What’s New

Intel® VTune™ Amplifier 2019 Beta

  • First-use experience improvements:

    • Basic Hotspots and Advanced Hotspots analyses extended with an option to show additional performance insights such as hardware usage efficiency and vector register utilization. Use this data to identify next steps for your performance analysis.

    • Simplified analysis configuration workflow providing you with pre-selected target and collection options available in the same view

  • Input and Output analysis on Linux* extended to profile DPDK and SPDK IO API. Use this data to correlate CPU activity with the network data plane utilization, visualize PCIe bandwidth utilization per NIC, estimate UPI bandwidth on multi-socket systems, and identify bottlenecks.

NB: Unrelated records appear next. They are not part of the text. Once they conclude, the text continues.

(* Let $n\ge3$ and let $\mathfrak q$ be a finite complex Borel measure on $[0,1]$ without atoms at $0$ and $1$ whose distribution function $\mathcal Q(x)=\mathfrak q([0,x])$ is differentiable at $0$ and $1$ with $\mathcal Q'(0)=\mathcal Q'(1)=0$ (the total mass need not vanish). Let $\Xi$ be a bounded function on $\mathbb C$, and let $\Psi\in C^1(\overline{\Gamma^1\cup\Gamma^2}\times[0,1])$ satisfy $\operatorname{Re}\Psi(w,x)\le-c_0\min(x,1-x)$ for some $c_0>0$. Then, for positive functions $R=R(w)$ on $\overline{\Gamma^1\cup\Gamma^2}$ tending to infinity uniformly in $w$, $$\int_{\Gamma^1\cup\Gamma^2}\int_{[0,1]}R\,e^{R\Psi(w,x)}\,\Xi(Rw)\,\mathfrak q(dx)\,dw=o(1).$$
   Context: $\Gamma^1=\{e^{i\phi}:0<\phi<\pi/n\}$ and $\Gamma^2=\{e^{i\phi}:\pi/n<\phi<2\pi/n\}$ are arcs of the unit circle; the integral in $w$ is the complex line integral along these arcs. *)

theory Defs
  imports "HOL-Complex_Analysis.Complex_Analysis"
begin

text \<open>A finite complex Borel measure q on [0,1] is represented by its polar
decomposition q = h |q|: a finite positive Borel measure M on the reals
concentrated on [0,1] (the total variation) and a Borel density h with norm
at most 1.\<close>

definition cm_integral :: "real measure \<Rightarrow> (real \<Rightarrow> complex) \<Rightarrow> (real \<Rightarrow> complex) \<Rightarrow> complex" where
  "cm_integral M h f = (LINT x|M. f x * h x)"

definition cm_dist :: "real measure \<Rightarrow> (real \<Rightarrow> complex) \<Rightarrow> real \<Rightarrow> complex" where
  "cm_dist M h y = (LINT x|M. (if x \<in> {0..y} then h x else 0))"

definition cm_point :: "real measure \<Rightarrow> (real \<Rightarrow> complex) \<Rightarrow> real \<Rightarrow> complex" where
  "cm_point M h a = (LINT x|M. (if x = a then h x else 0))"

text \<open>Closed arc: closure of Gamma^1 union Gamma^2.\<close>
definition closed_arc :: "nat \<Rightarrow> complex set" where
  "closed_arc n = {cis \<phi> | \<phi>. 0 \<le> \<phi> \<and> \<phi> \<le> 2 * pi / real n}"

definition C1_on_set :: "('a::real_normed_vector \<Rightarrow> 'b::real_normed_vector) \<Rightarrow> 'a set \<Rightarrow> bool" where
  "C1_on_set f K \<longleftrightarrow> (\<exists>U g D. open U \<and> K \<subseteq> U \<and> (\<forall>z\<in>K. g z = f z) \<and>
      (\<forall>z\<in>U. (g has_derivative blinfun_apply (D z)) (at z)) \<and> continuous_on U D)"

end

theory Submission
  imports Defs
begin

text \<open>Write \<open>q = h M\<close> and \<open>Q\<close> for its distribution function, and fix \<open>w\<close> with \<open>r = R(w)\<close> large.
  Away from the endpoints \<open>Re \<Psi> \<le> -c\<^sub>0 \<delta>\<close>, so there the integrand \<open>r e\<^bsup>r\<Psi>\<^esup>\<close> is \<open>O(r e\<^bsup>-c\<^sub>0 \<delta> r\<^esup>)\<close>.
  Near an endpoint \<open>e\<close> we integrate by parts against \<open>Q - Q(e)\<close>: the \<open>x\<close>-derivative of the
  integrand is \<open>O(r\<^sup>2 e\<^bsup>-c\<^sub>0 r |x - e|\<^esup>)\<close>, while \<open>Q'(e) = 0\<close> gives \<open>|Q(x) - Q(e)| \<le> \<eta> |x - e|\<close> on a
  \<open>\<delta>\<close>-neighbourhood of \<open>e\<close>, so each boundary layer contributes \<open>O(\<eta> / c\<^sub>0\<^sup>2)\<close> independently of \<open>r\<close>.
  Hence the inner integral tends to \<open>0\<close> uniformly in \<open>w\<close>; boundedness of \<open>\<Xi>\<close> and the finite
  length of the arcs give the theorem.\<close>

lemma norm_integral_le_integral:
  fixes f :: "'a \<Rightarrow> 'b::{banach,second_countable_topology}"
  assumes "integrable M g" and "\<And>x. x \<in> space M \<Longrightarrow> norm (f x) \<le> g x"
  shows "norm (integral\<^sup>L M f) \<le> integral\<^sup>L M g"
proof (cases "integrable M f")
  case True
  have "norm (integral\<^sup>L M f) \<le> (\<integral>x. norm (f x) \<partial>M)"
    by (rule integral_norm_bound)
  also have "\<dots> \<le> integral\<^sup>L M g"
    using True assms by (intro integral_mono) auto
  finally show ?thesis .
next
  case False
  have "0 \<le> integral\<^sup>L M g"
    using assms by (intro integral_nonneg_AE AE_I2) (auto intro: order_trans[OF norm_ge_zero])
  with False show ?thesis
    by (simp add: not_integrable_integral_eq)
qed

  • Analysis on embedded platforms and accelerators:

    • New CPU/FPGA Interaction analysis (PREVIEW) to assess the balance between the CPU and FPGA on systems with a discrete Intel® Arria® 10 FPGA running OpenCL™ applications

    • New Graphics Rendering analysis (PREVIEW) for CPU/GPU utilization of your code running on the Xen* virtualization platform installed on a remote embedded target

    • Support for the sampling command-line analysis on remote QNX* embedded systems via ethernet connection

    Note

    A PREVIEW FEATURE may or may not appear in a future production release. It is available for your use in the hopes that you will provide feedback on its usefulness and help determine its future. Data collected with a preview feature is not guaranteed to be backward compatible with future releases. Please send your feedback to parallel.studio.support@intel.com or to intelsystemstudio@intel.com.

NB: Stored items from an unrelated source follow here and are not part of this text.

definition real_tvs :: "'c topology \<Rightarrow> ('c \<Rightarrow> 'c \<Rightarrow> 'c) \<Rightarrow> (real \<Rightarrow> 'c \<Rightarrow> 'c) \<Rightarrow> 'c \<Rightarrow> bool" where
  "real_tvs Z add smul zero \<longleftrightarrow>
     (let V = topspace Z in
      zero \<in> V \<and>
      (\<forall>u\<in>V. \<forall>v\<in>V. add u v \<in> V) \<and>
      (\<forall>a. \<forall>v\<in>V. smul a v \<in> V) \<and>
      (\<forall>u\<in>V. \<forall>v\<in>V. \<forall>w\<in>V. add (add u v) w = add u (add v w)) \<and>
      (\<forall>u\<in>V. \<forall>v\<in>V. add u v = add v u) \<and>
      (\<forall>v\<in>V. add zero v = v) \<and>
      (\<forall>v\<in>V. \<exists>w\<in>V. add v w = zero) \<and>
      (\<forall>a b. \<forall>v\<in>V. smul a (smul b v) = smul (a * b) v) \<and>
      (\<forall>v\<in>V. smul 1 v = v) \<and>
      (\<forall>a. \<forall>u\<in>V. \<forall>v\<in>V. smul a (add u v) = add (smul a u) (smul a v)) \<and>
      (\<forall>a b. \<forall>v\<in>V. smul (a + b) v = add (smul a v) (smul b v)) \<and>
      continuous_map (prod_topology Z Z) Z (\<lambda>(u, v). add u v) \<and>
      continuous_map (prod_topology euclideanreal Z) Z (\<lambda>(a, v). smul a v))"

end

theory Submission
  imports Defs
begin

text \<open>Continuity of the evaluation in s, jointly with x (or with y), is the only nontrivial part
  of separate continuity. Given an open W \<ni> s(a,b), regularity of Z yields an open W' \<ni> s(a,b)
  whose closure lies in W. The preimages U, V of W' along the two arms of the cross through (a,b)
  give a relatively open subset G = (U \<times> V) \<inter> cross of the cross, and since s is continuous on
  each arm it maps the closure of G into the closure of W'. So the subbasic set
  {t. t(closure G \<inter> cross) \<subseteq> W} is a neighbourhood of s on which t(x,b), t(a,y) \<in> W for all
  x \<in> U, y \<in> V.

  For the discontinuity, note that a basic neighbourhood of s constrains its members only on
  finitely many crosses, i.e. on (F_X \<times> Y) \<union> (X \<times> F_Y) with F_X, F_Y finite. In a T1 space
  without isolated points nonempty open sets are infinite, so every neighbourhood of (x0, y0)
  contains a point (x, y) with x \<notin> F_X, y \<notin> F_Y, and complete regularity provides Urysohn
  functions f, g vanishing at x, y and equal to 1 on F_X, F_Y. With h = (1 - f)(1 - g), the
  separately continuous function (1 - h) s + h c agrees with s on those crosses but takes an
  arbitrary value c at (x, y). Hence the evaluation maps every neighbourhood of (x0, y0, s) onto
  all of Z, whereas in a T1 space with two points every point has a proper open neighbourhood.\<close>

lemma topspace_cross_open_topology [simp]: "topspace (cross_open_topology X Y Z) = SC X Y Z"
  unfolding cross_open_topology_def by auto

lemma SC_continuous_map_snd:
  "s \<in> SC X Y Z \<Longrightarrow> x \<in> topspace X \<Longrightarrow> continuous_map Y Z (\<lambda>y. s (x, y))"
  unfolding SC_def sep_cont2_def by auto

lemma SC_continuous_map_fst:
  "s \<in> SC X Y Z \<Longrightarrow> y \<in> topspace Y \<Longrightarrow> continuous_map X Z (\<lambda>x. s (x, y))"
  unfolding SC_def sep_cont2_def by auto

lemma SC_in_topspace:
  "s \<in> SC X Y Z \<Longrightarrow> x \<in> topspace X \<Longrightarrow> y \<in> topspace Y \<Longrightarrow> s (x, y) \<in> topspace Z"
  unfolding SC_def sep_cont2_def by (auto dest: continuous_map_image_subset_topspace)

lemma openin_cross_open_topology_subbasic:
  assumes "openin Z W" "p \<in> topspace X \<times> topspace Y"
    and "openin (subtopology (prod_topology X Y) (cross X Y p)) G"
  shows "openin (cross_open_topology X Y Z)
           {s \<in> SC X Y Z. s ` (prod_topology X Y closure_of G \<inter> cross X Y p) \<subseteq> W}"
  unfolding cross_open_topology_def
  by (intro topology_generated_by_Basis insertI2 CollectI exI[of _ W]
      exI[of _ "prod_topology X Y closure_of G \<inter> cross X Y p"] conjI refl assms(1))
    (use assms(2,3) in blast)

lemma cross_open_neighbourhood_on_cross:
  assumes "regular_space Z" and s: "s \<in> SC X Y Z" and a: "a \<in> topspace X" and b: "b \<in> topspace Y"
    and W: "openin Z W" "s (a, b) \<in> W"
  obtains U V N where "openin X U" "a \<in> U" "openin Y V" "b \<in> V"
    "openin (cross_open_topology X Y Z) N" "s \<in> N"
    "\<forall>t\<in>N. \<forall>x\<in>U. t (x, b) \<in> W" "\<forall>t\<in>N. \<forall>y\<in>V. t (a, y) \<in> W"
proof -
  have cont_a: "continuous_map Y Z (\<lambda>y. s (a, y))" and cont_b: "continuous_map X Z (\<lambda>x. s (x, b))"
    using SC_continuous_map_snd[OF s a] SC_continuous_map_fst[OF s b] .
  have "neighbourhood_base_of (closedin Z) Z"
    using assms(1) neighbourhood_base_of_closedin by blast
  then have "\<exists>W' C. openin Z W' \<and> closedin Z C \<and> s (a, b) \<in> W' \<and> W' \<subseteq> C \<and> C \<subseteq> W"
    using W unfolding neighbourhood_base_of by simp
  then obtain W' C where W': "openin Z W'" "s (a, b) \<in> W'" and "closedin Z C" "W' \<subseteq> C" "C \<subseteq> W"
    by blast
  then have cl_W': "Z closure_of W' \<subseteq> W"
    using closure_of_minimal by blast
  define U where "U = {x \<in> topspace X. s (x, b) \<in> W'}"
  define V where "V = {y \<in> topspace Y. s (a, y) \<in> W'}"
  have U: "openin X U" "a \<in> U"
    unfolding U_def using cont_b W' a openin_continuous_map_preimage by auto
  have V: "openin Y V" "b \<in> V"
    unfolding V_def using cont_a W' b openin_continuous_map_preimage by auto
  define G where "G = (U \<times> V) \<inter> cross X Y (a, b)"
  define A where "A = prod_topology X Y closure_of G \<inter> cross X Y (a, b)"
  define N where "N = {t \<in> SC X Y Z. t ` A \<subseteq> W}"
  have "openin (subtopology (prod_topology X Y) (cross X Y (a, b))) G"
    unfolding G_def openin_subtopology using U V
    by (intro exI[of _ "U \<times> V"]) (simp add: openin_prod_Times_iff)
  then have N: "openin (cross_open_topology X Y Z) N"
    unfolding N_def A_def using W a b by (intro openin_cross_open_topology_subbasic) auto
  have G_cross: "G \<subseteq> cross X Y (a, b)"
    unfolding G_def by blast
  have "G \<subseteq> topspace (prod_topology X Y)"
    unfolding G_def using openin_subset[OF U(1)] openin_subset[OF V(1)] by auto
  then have G_A: "G \<subseteq> A"
    unfolding A_def using closure_of_subset G_cross by blast
  have cl_G: "prod_topology X Y closure_of G \<subseteq> (X closure_of U) \<times> (Y closure_of V)"
    unfolding closure_of_Times[symmetric] G_def by (rule closure_of_mono) blast
  have s_N: "s \<in> N"
    unfolding N_def
  proof (intro CollectI conjI s image_subsetI)
    fix q assume "q \<in> A"
    then have q: "q \<in> (X closure_of U) \<times> (Y closure_of V)" "q \<in> cross X Y (a, b)"
      unfolding A_def using cl_G by blast+
    then consider "fst q = a" "snd q \<in> Y closure_of V" | "snd q = b" "fst q \<in> X closure_of U"
      unfolding cross_def by (cases q) auto
    then have "s q \<in> Z closure_of W'"
    proof cases
      case 1
      have "s q \<in> Z closure_of ((\<lambda>y. s (a, y)) ` V)"
        using continuous_map_image_closure_subset[OF cont_a] 1 by (metis image_subset_iff prod.collapse)
      also have "\<dots> \<subseteq> Z closure_of W'" by (intro closure_of_mono) (auto simp: V_def)
      finally show ?thesis .
    next
      case 2
      have "s q \<in> Z closure_of ((\<lambda>x. s (x, b)) ` U)"
        using continuous_map_image_closure_subset[OF cont_b] 2 by (metis image_subset_iff prod.collapse)
      also have "\<dots> \<subseteq> Z closure_of W'" by (intro closure_of_mono) (auto simp: U_def)
      finally show ?thesis .
    qed
    with cl_W' show "s q \<in> W" by blast
  qed
  have on_U: "\<forall>t\<in>N. \<forall>x\<in>U. t (x, b) \<in> W"
  proof (intro ballI)
    fix t x assume tx: "t \<in> N" "x \<in> U"
    have "(x, b) \<in> G"
      unfolding G_def cross_def using tx(2) U V openin_subset[OF U(1)] by auto
    then show "t (x, b) \<in> W" using tx(1) G_A unfolding N_def by blast
  qed
  have on_V: "\<forall>t\<in>N. \<forall>y\<in>V. t (a, y) \<in> W"
  proof (intro ballI)
    fix t y assume ty: "t \<in> N" "y \<in> V"
    have "(a, y) \<in> G"
      unfolding G_def cross_def using ty(2) U V openin_subset[OF V(1)] by auto
    then show "t (a, y) \<in> W" using ty(1) G_A unfolding N_def by blast
  qed
  show thesis
    using that[OF U V N s_N on_U on_V] .
qed

lemma continuous_map_evaluation_fst:
  assumes "regular_space Z" "y \<in> topspace Y"
  shows "continuous_map (prod_topology X (cross_open_topology X Y Z)) Z (\<lambda>(x, s). s (x, y))"
  unfolding continuous_map_eq_topcontinuous_at topcontinuous_at_def
proof (intro ballI conjI allI impI)
  let ?T = "prod_topology X (cross_open_topology X Y Z)"
  fix p assume p: "p \<in> topspace ?T"
  then show "p \<in> topspace ?T" .
  show "(\<lambda>(x, s). s (x, y)) \<in> topspace ?T \<rightarrow> topspace Z"
    using assms(2) SC_in_topspace by fastforce
  fix W assume W: "openin Z W \<and> (\<lambda>(x, s). s (x, y)) p \<in> W"
  obtain x s where p_eq: "p = (x, s)" and x: "x \<in> topspace X" and s: "s \<in> SC X Y Z"
    using p by auto
  have W: "openin Z W" "s (x, y) \<in> W"
    using W by (simp_all add: p_eq)
  obtain U V N where "openin X U" "x \<in> U" "openin Y V" "y \<in> V"
      "openin (cross_open_topology X Y Z) N" "s \<in> N"
      "\<forall>t\<in>N. \<forall>x'\<in>U. t (x', y) \<in> W" "\<forall>t\<in>N. \<forall>y'\<in>V. t (x, y') \<in> W"
    by (rule cross_open_neighbourhood_on_cross[OF assms(1) s x assms(2) W])
  then show "\<exists>N'. openin ?T N' \<and> p \<in> N' \<and> (\<forall>q\<in>N'. (\<lambda>(x, s). s (x, y)) q \<in> W)"
    by (intro exI[of _ "U \<times> N"]) (auto simp: openin_prod_Times_iff p_eq)
qed

lemma continuous_map_evaluation_snd:
  assumes "regular_space Z" "x \<in> topspace X"
  shows "continuous_map (prod_topology Y (cross_open_topology X Y Z)) Z (\<lambda>(y, s). s (x, y))"
  unfolding continuous_map_eq_topcontinuous_at topcontinuous_at_def
proof (intro ballI conjI allI impI)
  let ?T = "prod_topology Y (cross_open_topology X Y Z)"
  fix p assume p: "p \<in> topspace ?T"
  then show "p \<in> topspace ?T" .
  show "(\<lambda>(y, s). s (x, y)) \<in> topspace ?T \<rightarrow> topspace Z"
    using assms(2) SC_in_topspace by fastforce
  fix W assume W: "openin Z W \<and> (\<lambda>(y, s). s (x, y)) p \<in> W"
  obtain y s where p_eq: "p = (y, s)" and y: "y \<in> topspace Y" and s: "s \<in> SC X Y Z"
    using p by auto
  have W: "openin Z W" "s (x, y) \<in> W"
    using W by (simp_all add: p_eq)
  obtain U V N where "openin X U" "x \<in> U" "openin Y V" "y \<in> V"
      "openin (cross_open_topology X Y Z) N" "s \<in> N"
      "\<forall>t\<in>N. \<forall>x'\<in>U. t (x', y) \<in> W" "\<forall>t\<in>N. \<forall>y'\<in>V. t (x, y') \<in> W"
    by (rule cross_open_neighbourhood_on_cross[OF assms(1) s assms(2) y W])
  then show "\<exists>N'. openin ?T N' \<and> p \<in> N' \<and> (\<forall>q\<in>N'. (\<lambda>(y, s). s (x, y)) q \<in> W)"
    by (intro exI[of _ "V \<times> N"]) (auto simp: openin_prod_Times_iff p_eq)
qed

lemma continuous_map_evaluation:
  assumes "regular_space Z" "x \<in> topspace X" "y \<in> topspace Y"
  shows "continuous_map (cross_open_topology X Y Z) Z (\<lambda>s. s (x, y))"
proof -
  have "continuous_map (cross_open_topology X Y Z) (prod_topology X (cross_open_topology X Y Z))
          (\<lambda>s. (x, s))"
    using assms(2) by (simp add: continuous_map_paired)
  from continuous_map_compose[OF this continuous_map_evaluation_fst[OF assms(1,3)]]
  show ?thesis
    by (simp add: o_def)
qed

lemma separately_continuous_evaluation:
  assumes "regular_space Z"
  shows "sep_cont3 X Y (cross_open_topology X Y Z) Z (\<lambda>x y s. s (x, y))"
    and "sep_cont2 (prod_topology X (cross_open_topology X Y Z)) Y Z (\<lambda>((x, s), y). s (x, y))"
    and "sep_cont2 X (prod_topology Y (cross_open_topology X Y Z)) Z (\<lambda>(x, (y, s)). s (x, y))"
  using SC_continuous_map_fst SC_continuous_map_snd continuous_map_evaluation[OF assms]
    continuous_map_evaluation_fst[OF assms] continuous_map_evaluation_snd[OF assms]
  by (auto simp: sep_cont3_def sep_cont2_def case_prod_unfold)

lemma openin_topology_generated_by_finite_Inter:
  assumes "openin (topology_generated_by \<S>) M" "s \<in> M"
  obtains \<F> where "finite \<F>" "\<F> \<subseteq> \<S>" "s \<in> \<Inter>\<F>" "\<Inter>\<F> \<subseteq> M"
proof -
  have "generate_topology_on \<S> M"
    using assms(1) by (simp only: openin_topology_generated_by_iff)
  then obtain \<U> where "\<U> \<subseteq> Collect (finite' intersection_of (\<lambda>B. B \<in> \<S>))" "\<Union>\<U> = M"
    unfolding generate_topology_on_eq union_of_def by auto
  then obtain T where "(finite' intersection_of (\<lambda>B. B \<in> \<S>)) T" "s \<in> T" "T \<subseteq> M"
    using assms(2) by blast
  then show thesis
    using that unfolding intersection_of_def by auto
qed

  • HPC workload profiling improvements:

    • CPU Utilization metric refined to differentiate the utilization on logical vs. physical cores, which is particularly important for HPC applications running on Intel® Xeon® processor family processors

  • Managed runtime analysis improvements:

    • Extended JIT profiling for server-side applications running on the LLVM* or HHVM* PHP servers to support the event-based sampling analysis in the attach mode

    • Extended Java* code analysis with support for OpenJDK* 9 and Oracle* JDK 9

    • Enabled Advanced Hotspots analysis for .NET* Core applications running on Linux and Windows systems in the Launch Application mode

  • Microarchitecture analysis improvements:

  • Containerization support improvements:

    • Algorithm analysis types support (Basic Hotspots, Concurrency, and Locks and Waits) added for Docker* container targets

    • Profiling support for targets running in the Singularity* containers

    • Profiling native and Java applications in the Docker and LXC containers

  • Application Performance Snapshot improvements:

    • Added uncore-based metrics for DRAM/MCDRAM memory analysis, which helps identify whether your application is bandwidth bound

    • Added the ability to pause/resume collection with MPI_Pcontrol and itt API. The -start-paused option was added to exclude application execution from collection from the start to the first collection resume occurrence.

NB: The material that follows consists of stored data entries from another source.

lemma rp_iter_Suc_last: "rp_iter V E (Suc k) s = bind_pmf (rp_iter V E k s) (rp_step V E)"
proof (induction k arbitrary: s)
  case 0
  have "rp_iter V E 0 = return_pmf" by (rule ext) simp
  then show ?case by (simp add: bind_return_pmf bind_return_pmf')
next
  case (Suc k)
  have "rp_iter V E (Suc (Suc k)) s = bind_pmf (rp_step V E s) (rp_iter V E (Suc k))"
    by (rule rp_iter.simps(2))
  also have "\<dots> = bind_pmf (rp_step V E s) (\<lambda>s'. bind_pmf (rp_iter V E k s') (rp_step V E))"
    by (rule bind_pmf_cong[OF refl Suc.IH])
  also have "\<dots> = bind_pmf (rp_iter V E (Suc k) s) (rp_step V E)"
    by (simp add: bind_assoc_pmf)
  finally show ?case .
qed

lemma map_last_rp_traj: "map_pmf last (rp_traj V E s0 k) = rp_iter V E k s0"
proof (induction k)
  case (Suc k)
  have "map_pmf last (rp_traj V E s0 (Suc k)) = bind_pmf (map_pmf last (rp_traj V E s0 k)) (rp_step V E)"
    by (simp add: map_bind_pmf bind_map_pmf pmf.map_comp o_def)
  then show ?case by (simp only: Suc.IH rp_iter_Suc_last)
qed simp

lemma rp_traj_antimono:
  fixes f :: "'a state \<Rightarrow> 'b :: order"
  assumes step: "\<And>s s'. P s \<Longrightarrow> s' \<in> set_pmf (rp_step V E s) \<Longrightarrow> P s' \<and> f s' \<le> f s"
    and "P s0" and "xs \<in> set_pmf (rp_traj V E s0 k)"
  shows "P (last xs) \<and> (\<forall>t < length xs. P (xs ! t) \<and> f (last xs) \<le> f (xs ! t))"
  using assms(3)
proof (induction k arbitrary: xs)
  case 0
  then show ?case using \<open>P s0\<close> by simp
next
  case (Suc k)
  then obtain ys s' where ys: "ys \<in> set_pmf (rp_traj V E s0 k)"
    and s': "s' \<in> set_pmf (rp_step V E (last ys))" and xs: "xs = ys @ [s']"
    by auto
  note IH = Suc.IH[OF ys]
  with step s' have "P s'" "f s' \<le> f (last ys)" by blast+
  with IH show ?case
    unfolding xs by (auto simp: nth_append less_Suc_eq intro: order_trans)
qed

locale bipartite_lower_bound_graph =
  fixes V1 V2 :: "'a set" and v :: 'a
  assumes finite_V1: "finite V1" and finite_V2: "finite V2" and disjoint: "V1 \<inter> V2 = {}"
    and v_notin_V1: "v \<notin> V1" and v_notin_V2: "v \<notin> V2"
begin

    • Enabled selection of which data types are collected to reduce overhead. The choices include MPI tracing, OpenMP tracing, hardware counter based collection, or a combination of the three.

    • Exposed the CPU Utilization metric by physical cores on processors that support proper hardware events.

    • Significantly reduced MPI tracing overhead when there are a large number of ranks.

    • Enriched MPI statistics generated by the aps-report utility by showing information about communicators used in the application and to group and filter collective operations by the communicators.

    • Improved integration with Intel® Trace Analyzer and Collector by adding the ability to generate profiling configuration files with the aps-report option.

  • Quality and usability improvements:

    • Hardware event-based analysis supported for targets running in the Hyper-V* environment on Windows* 10 Fall Creators Update (RedStone3)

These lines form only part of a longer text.